## Saved data entries
- Opening Delimiter -
lemma cumulant_2: "cumulant 2 y = central_moment m 2 y"
proof -
  have "((central_moment_fps y - 1) ^ 2) $ 2 = 0"
    by (simp add: power2_eq_square fps_mult_nth numeral_2_eq_2 sum.atLeast0_atMost_Suc
        central_moment_fps_nth central_moment_0 central_moment_1)
  then show ?thesis
    by (simp add: cumulant_def cumulant_fps_def fps_compose_nth numeral_2_eq_2
        central_moment_fps_nth central_moment_0 fps_ln_nth)
qed

lemma higher_deriv_mean:
  "((deriv ^^ n) (m 1) has_real_derivative cumulant (n + 2) y) (at y)"
proof (induction n arbitrary: y)
  case 0
  show ?case using has_real_derivative_mean[of y] by (simp only: funpow_0 add_0 cumulant_2)
next
  case (Suc n)
  have "(deriv ^^ Suc n) (m 1) = cumulant (n + 2)"
    using Suc.IH by (auto intro!: DERIV_imp_deriv)
  then show ?case using has_real_derivative_cumulant[of "n + 2" y] by simp
qed

lemma cumulant_eq_Pi_part_sum:
  assumes "2 \<le> r"
  shows "cumulant r y = (\<Sum>lam\<in>Pi_part r. part_e r lam * (\<Prod>k=2..r. central_moment m k y ^ lam k))"
  unfolding cumulant_def cumulant_fps_def
  using assms by (intro fps_ln_compose_nth_Pi_part)
    (simp_all add: central_moment_fps_nth central_moment_0 central_moment_1)

end

section \<open>Gaussian tilting\<close>

definition gauss_tilt :: "real \<Rightarrow> real \<Rightarrow> real" where
  "gauss_tilt x y = exp (x * y - x^2 / 2)"

definition tilted_moment :: "'a measure \<Rightarrow> ('a \<Rightarrow> real) \<Rightarrow> nat \<Rightarrow> real \<Rightarrow> real" where
  "tilted_moment M X n y = (\<integral>\<omega>. X \<omega> ^ n * gauss_tilt (X \<omega>) y \<partial>M)"

definition posterior_moment :: "'a measure \<Rightarrow> ('a \<Rightarrow> real) \<Rightarrow> nat \<Rightarrow> real \<Rightarrow> real" where
  "posterior_moment M X n y = tilted_moment M X n y / tilted_moment M X 0 y"

lemma power_le_fact_mult_exp:
  fixes t :: real
  assumes "0 \<le> t"
  shows "t ^ k \<le> fact k * exp t"
proof -
  obtain s where "exp t = (\<Sum>m<Suc k. t ^ m / fact m) + exp s / fact (Suc k) * t ^ Suc k"
    using Maclaurin_exp_le[of t "Suc k"] by blast
  moreover have "t ^ k / fact k \<le> (\<Sum>m<Suc k. t ^ m / fact m)"
    using assms by (intro member_le_sum) auto
  ultimately have "t ^ k / fact k \<le> exp t"
    using assms by simp
  then show ?thesis by (simp add: field_simps)
qed

lemma abs_exp_minus_one_minus_le:
  fixes a :: real
  shows "\<bar>exp a - 1 - a\<bar> \<le> a^2 * exp \<bar>a\<bar>"
proof -
  obtain t where t: "\<bar>t\<bar> \<le> \<bar>a\<bar>" and "exp a = (\<Sum>m<2. a ^ m / fact m) + exp t / fact 2 * a ^ 2"
    using Maclaurin_exp_le[of a 2] by blast
  then have "\<bar>exp a - 1 - a\<bar> = exp t / 2 * a^2"
    by (simp add: numeral_2_eq_2)
  also have "\<dots> \<le> exp \<bar>a\<bar> * a^2"
  proof (rule mult_right_mono)
    have "exp t \<le> exp \<bar>a\<bar>" using t by simp
    then show "exp t / 2 \<le> exp \<bar>a\<bar>" using exp_gt_zero[of t] by linarith
  qed simp
  finally show ?thesis by (simp add: mult.commute)
qed

lemma abs_power_mult_exp_le:
  fixes x c :: real
  assumes "0 \<le> c"
  shows "\<bar>x\<bar> ^ k * exp (c * \<bar>x\<bar> - x^2 / 2) \<le> fact k * exp ((c + 1)^2 / 2)"
proof -
  have "\<bar>x\<bar> ^ k * exp (c * \<bar>x\<bar> - x^2 / 2) \<le> fact k * exp \<bar>x\<bar> * exp (c * \<bar>x\<bar> - x^2 / 2)"
    by (intro mult_right_mono power_le_fact_mult_exp) auto
  also have "\<dots> = fact k * exp ((c + 1) * \<bar>x\<bar> - x^2 / 2)"
    by (simp add: mult.assoc algebra_simps flip: exp_add)
  also have "\<dots> \<le> fact k * exp ((c + 1)^2 / 2)"
    using sum_power2_ge_zero[of "c + 1 - \<bar>x\<bar>" 0] by (simp add: power2_eq_square algebra_simps)
  finally show ?thesis .
qed

lemma abs_power_mult_gauss_tilt_le: "\<bar>x ^ n * gauss_tilt x y\<bar> \<le> fact n * exp ((\<bar>y\<bar> + 1)^2 / 2)"
proof -
  have "x * y \<le> \<bar>y\<bar> * \<bar>x\<bar>" by (metis abs_ge_self abs_mult mult.commute)
  then have "\<bar>x ^ n * gauss_tilt x y\<bar> \<le> \<bar>x\<bar> ^ n * exp (\<bar>y\<bar> * \<bar>x\<bar> - x^2 / 2)"
    by (simp add: gauss_tilt_def abs_mult power_abs mult_left_mono)
  also have "\<dots> \<le> fact n * exp ((\<bar>y\<bar> + 1)^2 / 2)"
    by (rule abs_power_mult_exp_le) simp
  finally show ?thesis .
qed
- Closing Delimiter -
## PROBLEM
Search the data above for the word "blast" and report how many lines contain it, with nothing further.

## WRITTEN SOLUTION
2